Automation#
Automation architecture#
The automation layer is the highest-level workflow entry point in ProDock. It connects the lower-level stages into one reproducible campaign:
receptor preparation or prepared receptor reuse,
ligand preparation or prepared ligand reuse,
single- or multi-engine docking,
optional interaction extraction,
optional SQLite export.
The same workflow is exposed through two interfaces:
prodock()for Python usage,prodock --config ...orpython -m prodock --config ...for CLI usage.
Configuration patterns#
The CLI supports two main input patterns:
all-in-one JSON — one file contains project directory, receptor input, ligand input, and run options
split JSON — the main config contains project/run options, while receptor and ligand definitions are passed separately through
--receptor-jsonand--ligand-json
This makes the automation layer suitable both for simple tutorial runs and for larger projects where receptor and ligand collections are maintained separately.
Override precedence#
Configuration values are resolved in this order:
--configprovides the base payload--receptor-jsonoverrides embeddedreceptorsfrom--config--ligand-jsonoverrides embeddedligandsfrom--configexplicit CLI flags override all JSON-derived values
This means you can keep a stable base config and vary engines, compute settings, or workflow flags from the terminal without editing the JSON files.
Input modes#
After config merging, the final workflow must contain exactly one receptor mode and exactly one ligand mode.
Supported receptor modes:
receptorsfor raw receptor specificationsprepared_receptorsfor already prepared receptor inputs
Supported ligand modes:
ligandsfor inline ligand dictionariesligand_dirfor a directory of prepared ligand files
This keeps the high-level workflow unambiguous while still supporting both raw and preprocessed campaigns.
All-in-one JSON#
Single-file campaign config
Keep receptors, ligands, and run options together in one JSON file.

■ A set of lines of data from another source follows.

lemma wint_deriv_Q_p_Suc_p: "wint_deriv_Q (p (Suc m) * p m) = (real m + 1) / (2 * jacobi_a m)"
proof -
  have "wint (pderiv (p m) * p (Suc m)) = 0"
    using degree_pderiv[of "p m"] by (intro wint_orthogonal coeff_eq_0) (auto simp: degree_p)
  moreover have "wint (pderiv (p (Suc m)) * p m) = (real m + 1) / jacobi_a m"
    using degree_pderiv[of "p (Suc m)"] lead_coeff_p_nonzero[of m] lead_coeff_p_nonzero[of "Suc m"]
    by (simp add: wint_mult_p coeff_pderiv degree_p jacobi_a_def)
  ultimately have "wint (pderiv (p (Suc m) * p m)) = (real m + 1) / jacobi_a m"
    by (simp add: pderiv_mult wint_add algebra_simps)
  then show ?thesis using wint_pderiv[of "p (Suc m) * p m"] by simp
qed

text \<open>The only moment of \<open>Q'\<close> we can compute is \<open>\<integral> x Q' p\<^sub>m\<^sup>2 w = m + 1/2\<close>;
  every other moment is bounded through a pointwise comparison with \<open>x Q'\<close>.\<close>
lemma moment_le_of_le_x_deriv_Q:
  assumes le: "\<And>x. g x \<le> a + b * (x * deriv Q x)"
    and int: "integrable lborel (\<lambda>x. (poly (p m) x)\<^sup>2 * (g x * (exp (- Q x))\<^sup>2))"
  shows "(LINT x|lborel. (poly (p m) x)\<^sup>2 * (g x * (exp (- Q x))\<^sup>2)) \<le> a + b * (real m + 1 / 2)"
proof -
  have "(LINT x|lborel. (poly (p m) x)\<^sup>2 * (g x * (exp (- Q x))\<^sup>2))
      \<le> (LINT x|lborel. a * (poly (p m * p m) x * (exp (- Q x))\<^sup>2)
        + b * (deriv Q x * poly (pCons 0 (p m * p m)) x * (exp (- Q x))\<^sup>2))"
  proof (rule integral_mono[OF int])
    show "integrable lborel (\<lambda>x. a * (poly (p m * p m) x * (exp (- Q x))\<^sup>2)
        + b * (deriv Q x * poly (pCons 0 (p m * p m)) x * (exp (- Q x))\<^sup>2))"
      by (intro Bochner_Integration.integrable_add integrable_mult_right integrable_poly_weight
          integrable_deriv_Q_poly_weight)
    fix x
    have "(poly (p m) x)\<^sup>2 * (g x * (exp (- Q x))\<^sup>2)
        \<le> (poly (p m) x)\<^sup>2 * ((a + b * (x * deriv Q x)) * (exp (- Q x))\<^sup>2)"
      by (intro mult_left_mono mult_right_mono le) auto
    then show "(poly (p m) x)\<^sup>2 * (g x * (exp (- Q x))\<^sup>2)
        \<le> a * (poly (p m * p m) x * (exp (- Q x))\<^sup>2)
          + b * (deriv Q x * poly (pCons 0 (p m * p m)) x * (exp (- Q x))\<^sup>2)"
      by (simp add: algebra_simps power2_eq_square)
  qed
  also have "\<dots> = a * wint (p m * p m) + b * wint_deriv_Q (pCons 0 (p m * p m))"
    unfolding wint_def wint_deriv_Q_def
    by (subst Bochner_Integration.integral_add[OF integrable_mult_right[OF integrable_poly_weight]
          integrable_mult_right[OF integrable_deriv_Q_poly_weight]]) simp
  also have "\<dots> = a + b * (real m + 1 / 2)"
    by (simp add: wint_p_p wint_deriv_Q_x_p_p)
  finally show ?thesis .
qed

definition abs_deriv_moment :: "nat \<Rightarrow> real" where
  "abs_deriv_moment m = (LINT x|lborel. (poly (p m) x)\<^sup>2 * (\<bar>deriv Q x\<bar> * (exp (- Q x))\<^sup>2))"

lemma integrable_abs_deriv_moment:
  "integrable lborel (\<lambda>x. (poly (p m) x)\<^sup>2 * (\<bar>deriv Q x\<bar> * (exp (- Q x))\<^sup>2))"
proof -
  have "\<bar>deriv Q x * poly (p m * p m) x * (exp (- Q x))\<^sup>2\<bar>
      = (poly (p m) x)\<^sup>2 * (\<bar>deriv Q x\<bar> * (exp (- Q x))\<^sup>2)" for x
    by (simp add: abs_mult power2_eq_square mult_ac)
  then show ?thesis
    using integrable_abs[OF integrable_deriv_Q_poly_weight[of "p m * p m"]] by simp
qed

lemma abs_deriv_moment_le: "abs_deriv_moment m \<le> deriv_bound + real m + 1 / 2"
  using moment_le_of_le_x_deriv_Q[of "\<lambda>x. \<bar>deriv Q x\<bar>" deriv_bound 1 m]
    abs_deriv_Q_le integrable_abs_deriv_moment
  by (simp add: abs_deriv_moment_def)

The simplest automation layout is one file containing everything:
{
"project_dir": "Demo",
"receptors": [
{
"pdb_id": "4WKQ",
"receptor_name": "EGFR_4WKQ",
"ligand_code": "IRE",
"chains": ["A"],
"cofactors": []
}
],
"ligands": [
{
"id": "erlotinib",
"smiles": "COCCOc1cc2c(ncnc2cc1OCCOC)Nc1cccc(c1)C#C"
},
{
"id": "gefitinib",
"smiles": "COc1cc2ncnc(c2cc1OCCCN1CCOCC1)Nc1ccc(c(c1)Cl)F"
}
],
"config": {
"engines": ["qvina", "qvina-w"],
"extract_interaction": true,
"save_to_database": true,
"db_name": "demo.db",
"cpu": 8,
"n_jobs": 8,
"exhaustiveness": 16,
"n_poses": 20
}
}
Run it with either form:
prodock --config run.json
python -m prodock --config run.json
This is the most convenient pattern for tutorials, notebooks, and compact project runs.
Split JSON input#
Split config, receptor, and ligand files
Keep project settings separate from receptor and ligand collections.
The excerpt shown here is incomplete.